Mayor of Barruelo de Santullán
- In office 1990–2007
- In office 2011–2015

Member of the Senate of Spain
- In office 1996–2000

Personal details
- Born: 1947 Santoña, Cantabria, Spain
- Died: August 18, 2021 (aged 73–74) Maliaño, Cantabria, Spain
- Party: People's Party
- Occupation: Physician

= Alejandro Lamalfa =

Spanish politician (died 2021)

Alejandro Lamalfa Díaz (1947 – 18 August 2021) was a Spanish physician and politician. He served as mayor of Barruelo de Santullán for more than twenty years (1990–2007; 2011–2015), and was a senator in the Senate of Spain from 1996 to 2000.

==Biography==
Lamalfa was born in Santoña, Cantabria. He studied medicine at the University of Valladolid and began his medical career in Casarejos (Province of Soria), where he worked for six years before moving to Barruelo de Santullán. He practised as a physician there for 32 years until his retirement in 2013.

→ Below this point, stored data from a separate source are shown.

lemma gact_E_eq_gact_F_transposed:
  assumes n: "n \<ge> 2"
  shows "gact n (E i) u t = qq powi (1 + kt n i u) * gact n (F i) t u"
proof (induction t arbitrary: u)
  case Nil then show ?case by (cases u) simp_all
next
  case (Cons a t')
  show ?case
  proof (cases u)
    case Nil then show ?thesis by simp
  next
    case (Cons b u')
    note IH = Cons.IH[of u']
    consider "a = b" | "b = a + 1" | "a \<noteq> b" "b \<noteq> a + 1" by blast
    then show ?thesis
    proof cases
      case 1
      then show ?thesis
        unfolding Cons by (simp add: IH mult.assoc[symmetric] qq_powi_add kt_Cons[of n i b u'])
    next
      case 2
      show ?thesis
      proof (cases "a mod int n = i mod int n \<and> t' = u'")
        case True
        have "(a + 1) mod int n = (i + 1) mod int n"
          by (rule mod_add_cong) (use True in simp_all)
        then have "kt n i [b] = -1" using 2 kt_single_succ_class[OF n] by simp
        then have "1 + kt n i (b # u') = kt n i u'" using kt_Cons[of n i b u'] by simp
        then show ?thesis using True 2 unfolding Cons by simp
      next
        case False
        then show ?thesis using 2 unfolding Cons by auto
      qed
    next
      case 3
      then show ?thesis unfolding Cons by auto
    qed
  qed
qed

lemma gact_F_eq_gact_E_transposed:
  assumes n: "n \<ge> 2"
  shows "gact n (F i) u t = qq powi (1 - kt n i u) * gact n (E i) t u"
proof (induction t arbitrary: u)
  case Nil then show ?case by (cases u) simp_all
next
  case (Cons a t')
  show ?case
  proof (cases u)
    case Nil then show ?thesis by simp
  next
    case (Cons b u')
    note IH = Cons.IH[of u']
    consider "a = b" | "a = b + 1" | "a \<noteq> b" "a \<noteq> b + 1" by blast
    then show ?thesis
    proof cases
      case 1
      then show ?thesis
        unfolding Cons
        by (simp add: IH mult.assoc[symmetric] qq_powi_add kt_Cons[of n i b u'] add.commute diff_diff_eq)
    next
      case 2
      show ?thesis
      proof (cases "b mod int n = i mod int n \<and> t' = u'")
        case True
        have "1 - kt n i (b # u') + kt n i t' = 0"
          using kt_single_class[OF n] True kt_Cons[of n i b u'] by simp
        then show ?thesis using True 2 unfolding Cons by (simp add: qq_powi_add)
      next
        case False
        then show ?thesis using 2 unfolding Cons by auto
      qed
    next
      case 3
      then show ?thesis unfolding Cons by auto
    qed
  qed
qed

lemma psi_K: "psi n r (Gen (K j)) = diag_op r (\<lambda>s. qq powi int (ccount n j s))"
  and psi_Kinv: "psi n r (Gen (Kinv j)) = diag_op r (\<lambda>s. qq powi - int (ccount n j s))"
  by (auto simp: diag_op_def bas_def fun_eq_iff)

lemma row_finite_psi: "row_finite (psi n r x)"
proof (induction x)
  case (Gen g)
  have "{u. psi n r (Gen g) t u \<noteq> 0} \<subseteq> {u. gact n g t u \<noteq> 0}" for t
    by auto
  then show ?case
    unfolding row_finite_def using finite_gact_support finite_subset by blast
next
  case One
  have "{u. psi n r One t u \<noteq> 0} \<subseteq> {t}" for t
    by (auto simp: bas_def)
  then show ?case
    unfolding row_finite_def by (meson finite.emptyI finite_insert finite_subset)
next
  case (Add x y)
  have "{u. psi n r (Add x y) t u \<noteq> 0}
      \<subseteq> {u. psi n r x t u \<noteq> 0} \<union> {u. psi n r y t u \<noteq> 0}" for t
    by auto
  with Add show ?case
    unfolding row_finite_def by (meson finite_UnI finite_subset)
next
  case (Smul c x)
  have "{u. psi n r (Smul c x) t u \<noteq> 0} \<subseteq> {u. psi n r x t u \<noteq> 0}" for t
    by auto
  with Smul show ?case
    unfolding row_finite_def by (meson finite_subset)
qed (simp add: row_finite_opcomp)

lemma psi_weight_E:
  "psi n r (Mul (Mul (Gen (K i)) (Gen (Kinv (i + 1)))) x) t u
     = psi n r x t u * (if length u = r then qq powi kt n i u else 0)"
  unfolding psi.simps(5) psi_K psi_Kinv opcomp_diag_op_diag_op
  by (simp add: opcomp_diag_op row_finite_psi qq_powi_add kt_def del: power_int_of_nat)

lemma psi_weight_F:
  "psi n r (Mul (Mul (Gen (Kinv i)) (Gen (K (i + 1)))) x) t u
     = psi n r x t u * (if length u = r then qq powi - kt n i u else 0)"
  unfolding psi.simps(5) psi_K psi_Kinv opcomp_diag_op_diag_op
  by (simp add: opcomp_diag_op row_finite_psi qq_powi_add kt_def del: power_int_of_nat)

lemma map_diff_one_eq_iff: "u = map (\<lambda>x. x - 1) t \<longleftrightarrow> t = map (\<lambda>x. x + 1) (u :: int list)"
proof (induction t arbitrary: u)
  case (Cons a t) then show ?case by (cases u) auto
qed auto

lemma psi_rho_Gen:
  assumes n: "n \<ge> 2"
  shows "psi n r (rho (Gen g)) = transpose_op (psi n r (Gen g))"
proof (intro ext)
  fix t u
  show "psi n r (rho (Gen g)) t u = transpose_op (psi n r (Gen g)) t u"
  proof (cases g)
    case (E i)
    have rho_entry: "psi n r (rho (Gen g)) t u
        = qq * (psi n r (Gen (F i)) t u * (if length u = r then qq powi kt n i u else 0))"
      unfolding E rho.simps psi.simps(4) psi_weight_E ..
    show ?thesis
    proof (cases "length u = r \<and> gact n (F i) t u \<noteq> 0")
      case True
      then have "length t = r" using length_gact by metis
      with True show ?thesis unfolding rho_entry using E
        by (simp add: transpose_op_def gact_E_eq_gact_F_transposed[OF n]
            qq_mult_qq_powi ac_simps)
    next
      case False
      then show ?thesis unfolding rho_entry using E
        by (auto simp: transpose_op_def gact_E_eq_gact_F_transposed[OF n])
    qed
  next
    case (F i)
    have rho_entry: "psi n r (rho (Gen g)) t u
        = qq * (psi n r (Gen (E i)) t u * (if length u = r then qq powi - kt n i u else 0))"
      unfolding F rho.simps psi.simps(4) psi_weight_F ..
    show ?thesis
    proof (cases "length u = r \<and> gact n (E i) t u \<noteq> 0")
      case True
      then have "length t = r" using length_gact by metis
      with True show ?thesis unfolding rho_entry using F
        by (simp add: transpose_op_def gact_F_eq_gact_E_transposed[OF n]
            qq_mult_qq_powi ac_simps)
    next
      case False
      then show ?thesis unfolding rho_entry using F
        by (auto simp: transpose_op_def gact_F_eq_gact_E_transposed[OF n])
    qed
  qed (auto simp: transpose_op_def bas_def map_diff_one_eq_iff)
qed

lemma psi_rho:
  assumes "n \<ge> 2"
  shows "psi n r (rho x) = transpose_op (psi n r x)"
proof (induction x)
  case (Gen g)
  show ?case using psi_rho_Gen[OF assms] .
next
  case (Mul x y)
  then have "row_finite (transpose_op (psi n r x))" "row_finite (transpose_op (psi n r y))"
    using row_finite_psi by metis+
  with Mul show ?case
    by (simp add: transpose_op_opcomp row_finite_psi)
qed (auto simp: transpose_op_def bas_def fun_eq_iff)

theorem lemma3p8:
  fixes n r :: nat and lam mu :: "nat list" and x :: uexp
  assumes "n \<ge> 3" and "r \<ge> 1"
    and "lam \<in> Lambda n r" and "mu \<in> Lambda n r"
    and "opcomp (proj n r lam) (opcomp (psi n r x) (proj n r mu)) = psi n r x"
    and "psi n r x \<noteq> zero_op"
  shows "opcomp (psi n r x) (psi n r (rho x)) \<noteq> zero_op
       \<and> opcomp (psi n r (rho x)) (psi n r x) \<noteq> zero_op"
proof -
  let ?A = "psi n r x"
  have rho: "psi n r (rho x) = transpose_op ?A"
    using psi_rho assms(1) by simp
  have "row_finite (transpose_op ?A)" and "row_finite (transpose_op (transpose_op ?A))"
    using row_finite_psi[of n r x] row_finite_psi[of n r "rho x"] by (simp_all add: rho)
  then show ?thesis
    using opcomp_transpose_op_neq_zero[of ?A] opcomp_transpose_op_neq_zero[of "transpose_op ?A"]
      assms(6)
    unfolding rho by simp
qed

From 1996 to 2000 he served as a senator for the People's Party in the VI legislature, taking part in several committees, including the Special Committee on the Study of Euthanasia, the Committee on Ibero-American Affairs, the Committee on Performing Arts, Music and Audiovisual Social Affairs, and the Special Committee on Genetic Manipulation for Food Production.

He was mayor of Barruelo de Santullán during two periods (1990–2007 and 2011–2015).

He was married to María del Carmen Gil La Red and had three children: Mercedes, Eva María and Alejandro.